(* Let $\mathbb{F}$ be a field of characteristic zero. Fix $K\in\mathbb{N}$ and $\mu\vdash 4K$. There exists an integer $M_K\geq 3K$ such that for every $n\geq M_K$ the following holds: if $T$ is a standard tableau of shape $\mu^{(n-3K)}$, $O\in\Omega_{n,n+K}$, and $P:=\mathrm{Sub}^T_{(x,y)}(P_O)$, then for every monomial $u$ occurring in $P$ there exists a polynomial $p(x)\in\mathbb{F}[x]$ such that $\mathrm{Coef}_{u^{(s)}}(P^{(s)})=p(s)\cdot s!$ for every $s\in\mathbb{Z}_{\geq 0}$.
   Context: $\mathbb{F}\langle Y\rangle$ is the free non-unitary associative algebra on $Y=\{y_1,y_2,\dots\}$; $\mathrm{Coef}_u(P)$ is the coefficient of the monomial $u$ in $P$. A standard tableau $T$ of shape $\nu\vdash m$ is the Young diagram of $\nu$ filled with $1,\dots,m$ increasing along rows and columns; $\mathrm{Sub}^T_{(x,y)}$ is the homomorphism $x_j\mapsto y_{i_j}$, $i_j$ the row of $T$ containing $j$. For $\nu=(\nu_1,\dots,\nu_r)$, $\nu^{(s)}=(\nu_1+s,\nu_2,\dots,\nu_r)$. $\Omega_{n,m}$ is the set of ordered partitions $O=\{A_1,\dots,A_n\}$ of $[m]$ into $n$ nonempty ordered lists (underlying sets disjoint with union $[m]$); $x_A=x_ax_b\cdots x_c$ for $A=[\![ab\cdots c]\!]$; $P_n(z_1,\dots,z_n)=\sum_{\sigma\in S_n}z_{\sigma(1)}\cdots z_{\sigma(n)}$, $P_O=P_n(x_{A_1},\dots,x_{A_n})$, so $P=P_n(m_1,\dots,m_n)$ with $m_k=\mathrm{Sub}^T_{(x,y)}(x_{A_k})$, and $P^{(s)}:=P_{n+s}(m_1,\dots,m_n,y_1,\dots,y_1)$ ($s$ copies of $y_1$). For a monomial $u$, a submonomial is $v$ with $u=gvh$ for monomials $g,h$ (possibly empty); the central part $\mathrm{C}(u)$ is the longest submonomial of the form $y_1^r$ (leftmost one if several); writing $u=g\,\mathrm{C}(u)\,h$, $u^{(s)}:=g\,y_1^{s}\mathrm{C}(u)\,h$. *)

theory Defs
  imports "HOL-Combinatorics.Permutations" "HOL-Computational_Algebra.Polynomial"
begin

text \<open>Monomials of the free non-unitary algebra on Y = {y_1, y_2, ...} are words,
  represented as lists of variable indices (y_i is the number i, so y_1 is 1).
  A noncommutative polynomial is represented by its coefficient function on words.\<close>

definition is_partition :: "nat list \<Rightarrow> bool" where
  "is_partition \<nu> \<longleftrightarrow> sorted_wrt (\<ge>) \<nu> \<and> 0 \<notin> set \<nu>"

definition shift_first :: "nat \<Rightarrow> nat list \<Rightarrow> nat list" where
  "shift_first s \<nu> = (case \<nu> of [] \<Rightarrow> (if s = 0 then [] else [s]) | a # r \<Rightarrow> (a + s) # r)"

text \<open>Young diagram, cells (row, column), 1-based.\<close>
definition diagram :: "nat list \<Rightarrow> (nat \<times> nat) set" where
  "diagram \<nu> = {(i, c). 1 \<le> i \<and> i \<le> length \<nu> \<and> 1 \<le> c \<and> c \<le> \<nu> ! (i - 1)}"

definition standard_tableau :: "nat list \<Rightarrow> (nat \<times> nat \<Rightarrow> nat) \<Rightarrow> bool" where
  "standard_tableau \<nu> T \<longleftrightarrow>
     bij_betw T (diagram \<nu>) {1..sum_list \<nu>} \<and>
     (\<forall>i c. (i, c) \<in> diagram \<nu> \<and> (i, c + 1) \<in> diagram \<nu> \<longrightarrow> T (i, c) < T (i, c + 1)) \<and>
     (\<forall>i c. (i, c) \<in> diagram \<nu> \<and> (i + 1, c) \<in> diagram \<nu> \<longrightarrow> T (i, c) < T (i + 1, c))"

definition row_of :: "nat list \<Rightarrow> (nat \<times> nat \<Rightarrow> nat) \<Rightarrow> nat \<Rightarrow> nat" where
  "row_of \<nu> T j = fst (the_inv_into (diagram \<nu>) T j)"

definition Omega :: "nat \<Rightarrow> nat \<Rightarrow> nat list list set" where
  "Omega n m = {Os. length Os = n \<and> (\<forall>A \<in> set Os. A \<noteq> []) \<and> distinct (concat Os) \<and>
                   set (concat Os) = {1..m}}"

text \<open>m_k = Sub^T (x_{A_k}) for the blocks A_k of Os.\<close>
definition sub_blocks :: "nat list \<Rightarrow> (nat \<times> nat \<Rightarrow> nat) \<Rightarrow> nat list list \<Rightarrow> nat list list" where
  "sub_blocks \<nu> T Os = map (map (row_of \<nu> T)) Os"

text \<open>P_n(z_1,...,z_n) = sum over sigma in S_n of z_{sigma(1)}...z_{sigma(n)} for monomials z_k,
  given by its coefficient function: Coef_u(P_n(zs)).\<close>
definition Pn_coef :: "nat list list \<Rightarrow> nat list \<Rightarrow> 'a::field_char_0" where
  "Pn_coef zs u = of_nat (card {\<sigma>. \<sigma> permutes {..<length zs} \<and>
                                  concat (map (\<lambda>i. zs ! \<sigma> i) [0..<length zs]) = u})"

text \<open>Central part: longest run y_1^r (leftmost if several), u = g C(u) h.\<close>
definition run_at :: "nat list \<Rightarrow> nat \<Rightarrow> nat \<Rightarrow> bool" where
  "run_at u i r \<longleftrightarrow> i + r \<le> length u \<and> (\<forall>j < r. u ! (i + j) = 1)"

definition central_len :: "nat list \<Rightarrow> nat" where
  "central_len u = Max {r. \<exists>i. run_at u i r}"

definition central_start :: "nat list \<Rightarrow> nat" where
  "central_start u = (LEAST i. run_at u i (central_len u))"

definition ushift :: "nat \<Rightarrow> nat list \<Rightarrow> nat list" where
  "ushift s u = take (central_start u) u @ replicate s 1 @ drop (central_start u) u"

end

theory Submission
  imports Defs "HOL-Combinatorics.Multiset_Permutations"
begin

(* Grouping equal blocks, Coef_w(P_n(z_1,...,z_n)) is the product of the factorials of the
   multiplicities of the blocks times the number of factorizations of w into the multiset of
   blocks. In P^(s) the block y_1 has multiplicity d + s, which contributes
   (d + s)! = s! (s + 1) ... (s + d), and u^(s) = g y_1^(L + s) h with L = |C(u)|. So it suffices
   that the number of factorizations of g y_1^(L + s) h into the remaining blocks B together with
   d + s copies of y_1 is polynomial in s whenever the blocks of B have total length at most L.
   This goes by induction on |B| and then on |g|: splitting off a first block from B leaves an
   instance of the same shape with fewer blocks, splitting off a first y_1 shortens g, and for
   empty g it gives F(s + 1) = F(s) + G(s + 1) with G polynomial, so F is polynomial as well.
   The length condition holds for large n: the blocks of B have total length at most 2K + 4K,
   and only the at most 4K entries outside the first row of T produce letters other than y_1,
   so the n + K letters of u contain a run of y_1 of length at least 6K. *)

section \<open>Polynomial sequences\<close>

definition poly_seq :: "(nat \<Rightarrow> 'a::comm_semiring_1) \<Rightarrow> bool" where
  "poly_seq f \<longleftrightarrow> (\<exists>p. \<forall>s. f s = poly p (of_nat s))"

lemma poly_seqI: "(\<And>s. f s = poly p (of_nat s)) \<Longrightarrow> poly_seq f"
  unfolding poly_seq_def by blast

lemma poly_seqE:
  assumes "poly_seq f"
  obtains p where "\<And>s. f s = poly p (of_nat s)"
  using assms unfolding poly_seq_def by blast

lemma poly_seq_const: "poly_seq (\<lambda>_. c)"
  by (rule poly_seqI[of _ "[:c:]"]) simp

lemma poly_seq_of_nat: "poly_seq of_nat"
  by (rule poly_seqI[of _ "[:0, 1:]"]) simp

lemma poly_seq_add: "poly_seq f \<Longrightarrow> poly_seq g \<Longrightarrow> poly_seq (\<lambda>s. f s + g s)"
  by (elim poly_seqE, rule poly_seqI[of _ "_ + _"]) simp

### What to produce
Please return all lines above in which the string "factorizations" is found.

### Your response
   multiplicities of the blocks times the number of factorizations of w into the multiset of
   that the number of factorizations of g y_1^(L + s) h into the remaining blocks B together with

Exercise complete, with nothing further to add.